В единую сеть обольщения и мятежа, которой улавливал русский народ предвечный либерал и революционер и служащая ему масонская церковь «зверя из земли», свивался вместе с религиозным штундизмом штундизм светский – поощряемый очередными «Великими реформами» – образовательной и цензурной, – нацеленными не на ограждение российских умов от изощрившихся стрел западного рационализма (порождаемого масонским «Просвещением») и на их богословское возвышение для служения Богу, но на снятие препятствий для приобщения к плодам этого самого «Просвещения» (то есть, щита от этих стрел). Светский штундизм имел с религиозным единый принцип (сам по себе религиозный, лежащий в основе розенкрейцерской эпохи западного Ренессанса): добыча «знаний» о бытии (соответственно, внешнем и внутреннем) и освоение их на практике в независимости от церковно-духовного созерцания и руководства.Общим девизом университетской реформы, проведённой министром народного просвещения А.Головниным, стала идея вольности. Безусловно, и в этой области имелись основания для преобразований – дополнения чиновничьей иерархии совещательностью (в разработке программ, самоуправлении), сплочения преподавателей и студентов. Однако и здесь патриархальная соборность, имеющая образ в семье, была подменена бесчинной демократией и вольнодумством, олицетворенной новым Университетским уставом 1863 года.
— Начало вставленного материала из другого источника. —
(* Let $E$ be a finite set and $\underline I=(I_\omega)_{\omega\in E}$ a family of non-empty finite sets. For any two causal orders $\Omega$ and $\Xi$ on $E$, $\Omega\le\Xi$ if and only if $\mathrm{ExtHist}(\Omega,\underline I)\supseteq\mathrm{ExtHist}(\Xi,\underline I)$.
   Context: A causal order $\Omega$ on $E$ is a preorder $\le_\Omega$ on $E$; $\Omega\le\Xi$ iff $\le_\Omega\subseteq\le_\Xi$. $\Lambda(\Omega)$ is the set of lowersets (subsets $U$ with $\xi\le_\Omega\omega\in U\Rightarrow\xi\in U$). $\mathrm{ExtHist}(\Omega,\underline I)=\bigcup_{U\in\Lambda(\Omega)}\prod_{\omega\in U}I_\omega$, i.e. all functions with domain a lowerset $U$ of $\Omega$ and values $f(\omega)\in I_\omega$. *)

theory Defs
  imports Main
begin

text \<open>A causal order on E is a preorder on E, represented as a relation
  R \<subseteq> E \<times> E, where (x, y) \<in> R means x \<le> y.\<close>
definition causal_order :: "'e set \<Rightarrow> 'e rel \<Rightarrow> bool" where
  "causal_order E R \<longleftrightarrow> preorder_on E R"

definition lowersets :: "'e set \<Rightarrow> 'e rel \<Rightarrow> 'e set set" where
  "lowersets E R = {U. U \<subseteq> E \<and> (\<forall>x w. (x, w) \<in> R \<longrightarrow> w \<in> U \<longrightarrow> x \<in> U)}"

definition ExtHist :: "'e set \<Rightarrow> 'e rel \<Rightarrow> ('e \<Rightarrow> 'v set) \<Rightarrow> ('e \<rightharpoonup> 'v) set" where
  "ExtHist E R I = (\<Union>U\<in>lowersets E R.
      {f. dom f = U \<and> (\<forall>w\<in>U. the (f w) \<in> I w)})"

end

theory Submission
  imports Defs
begin

text \<open>Since every \<open>I w\<close> is non-empty, the domains of the extended histories of a causal order
  are exactly its lowersets, so comparing extended histories means comparing lowersets.
  A preorder is in turn recovered from its lowersets through the principal lowersets
  \<open>{x. x \<le> w}\<close>, and inclusion of preorders reverses inclusion of lowersets.\<close>

lemma lowersets_antimono:
  assumes "R \<subseteq> S"
  shows "lowersets E S \<subseteq> lowersets E R"
  using assms unfolding lowersets_def by blast

lemma principal_lowerset_in_lowersets:
  assumes "R \<subseteq> E \<times> E" and "trans R"
  shows "{x. (x, w) \<in> R} \<in> lowersets E R"
  using assms unfolding lowersets_def by (auto dest: transD)

lemma subset_if_lowersets_subset:
  assumes "R \<subseteq> E \<times> E" and "preorder_on E S"
    and "lowersets E S \<subseteq> lowersets E R"
  shows "R \<subseteq> S"
proof
  fix p assume "p \<in> R"
  then obtain x w where p: "p = (x, w)" and "(x, w) \<in> R" and "w \<in> E"
    using assms(1) by (cases p) auto
  have S: "S \<subseteq> E \<times> E" "refl_on E S" "trans S"
    using assms(2) unfolding preorder_on_def by auto
  let ?U = "{y. (y, w) \<in> S}"
  have "?U \<in> lowersets E R"
    using principal_lowerset_in_lowersets[OF S(1,3)] assms(3) by blast
  moreover have "w \<in> ?U"
    using S(2) \<open>w \<in> E\<close> unfolding refl_on_def by blast
  ultimately have "x \<in> ?U"
    using \<open>(x, w) \<in> R\<close> unfolding lowersets_def by blast
  then show "p \<in> S" using p by simp
qed

lemma lowersets_subset_iff:
  assumes "causal_order E R" and "causal_order E S"
  shows "lowersets E S \<subseteq> lowersets E R \<longleftrightarrow> R \<subseteq> S"
proof
  show "R \<subseteq> S" if "lowersets E S \<subseteq> lowersets E R"
    using subset_if_lowersets_subset that assms
    unfolding causal_order_def preorder_on_def by blast
qed (rule lowersets_antimono)

lemma dom_ExtHist:
  assumes "\<And>w. w \<in> E \<Longrightarrow> I w \<noteq> {}"
  shows "dom ` ExtHist E R I = lowersets E R"
proof
  show "dom ` ExtHist E R I \<subseteq> lowersets E R"
    unfolding ExtHist_def by auto
next
  show "lowersets E R \<subseteq> dom ` ExtHist E R I"
  proof
    fix U assume U: "U \<in> lowersets E R"
    define f where "f = (\<lambda>y. Some (SOME v. v \<in> I y)) |` U"
    have "dom f = U" unfolding f_def by simp
    moreover have "the (f y) \<in> I y" if "y \<in> U" for y
    proof -
      have "y \<in> E" using that U unfolding lowersets_def by blast
      then have "I y \<noteq> {}" using assms by blast
      then show ?thesis using that unfolding f_def by (simp add: some_in_eq)
    qed
    ultimately show "U \<in> dom ` ExtHist E R I"
      using U unfolding ExtHist_def by blast
  qed
qed

lemma ExtHist_subset_iff_lowersets_subset:
  assumes "\<And>w. w \<in> E \<Longrightarrow> I w \<noteq> {}"
  shows "ExtHist E S I \<subseteq> ExtHist E R I \<longleftrightarrow> lowersets E S \<subseteq> lowersets E R"
proof
  assume "ExtHist E S I \<subseteq> ExtHist E R I"
  then have "dom ` ExtHist E S I \<subseteq> dom ` ExtHist E R I" by (rule image_mono)
  then show "lowersets E S \<subseteq> lowersets E R"
    by (simp only: dom_ExtHist[OF assms])
next
  assume "lowersets E S \<subseteq> lowersets E R"
  then show "ExtHist E S I \<subseteq> ExtHist E R I"
    unfolding ExtHist_def by (rule UN_mono) simp
qed

theorem proposition5:
  fixes E :: "'e set" and I :: "'e \<Rightarrow> 'v set" and \<Omega> \<Xi> :: "'e rel"
  assumes "finite E"
    and "\<And>w. w \<in> E \<Longrightarrow> finite (I w) \<and> I w \<noteq> {}"
    and "causal_order E \<Omega>" and "causal_order E \<Xi>"
  shows "\<Omega> \<subseteq> \<Xi> \<longleftrightarrow> ExtHist E \<Xi> I \<subseteq> ExtHist E \<Omega> I"
proof -
  have "ExtHist E \<Xi> I \<subseteq> ExtHist E \<Omega> I \<longleftrightarrow> lowersets E \<Xi> \<subseteq> lowersets E \<Omega>"
    using assms(2) by (intro ExtHist_subset_iff_lowersets_subset) blast
  also have "\<dots> \<longleftrightarrow> \<Omega> \<subseteq> \<Xi>"
    by (rule lowersets_subset_iff[OF assms(3,4)])
  finally show ?thesis by (rule sym)
qed

end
Для его составления министр не нашёл ничего более умного, как отправить вначале проект Устава, а затем и, как бы повторяя судьбоносное петровское посольство, делегацию чиновников и, наконец, молодых преподавателей (для «повышения квалификации») в самое революционное сердце революционного логова «зверя из земли» – в университеты Великобритании, Франции, Швейцарии и Германии, давно заменившие для европейских умов храмы. Скоротечно проведённая работа «облагодетельствовала» Россию организацией высшего образования по строгому эталону католических университетов, двигателей европейского Ренессанса и современного Болонского процесса: с предельной автономией университетов (министерские попечители учебных округов не имели права вмешиваться в их внутреннюю жизнь и в содержание учебных программ), выборностью ректоров и всех высших должностей, включая деканов (советами факультетов), правом выписывать печатные издания из-за границы в обход всякой цензуры.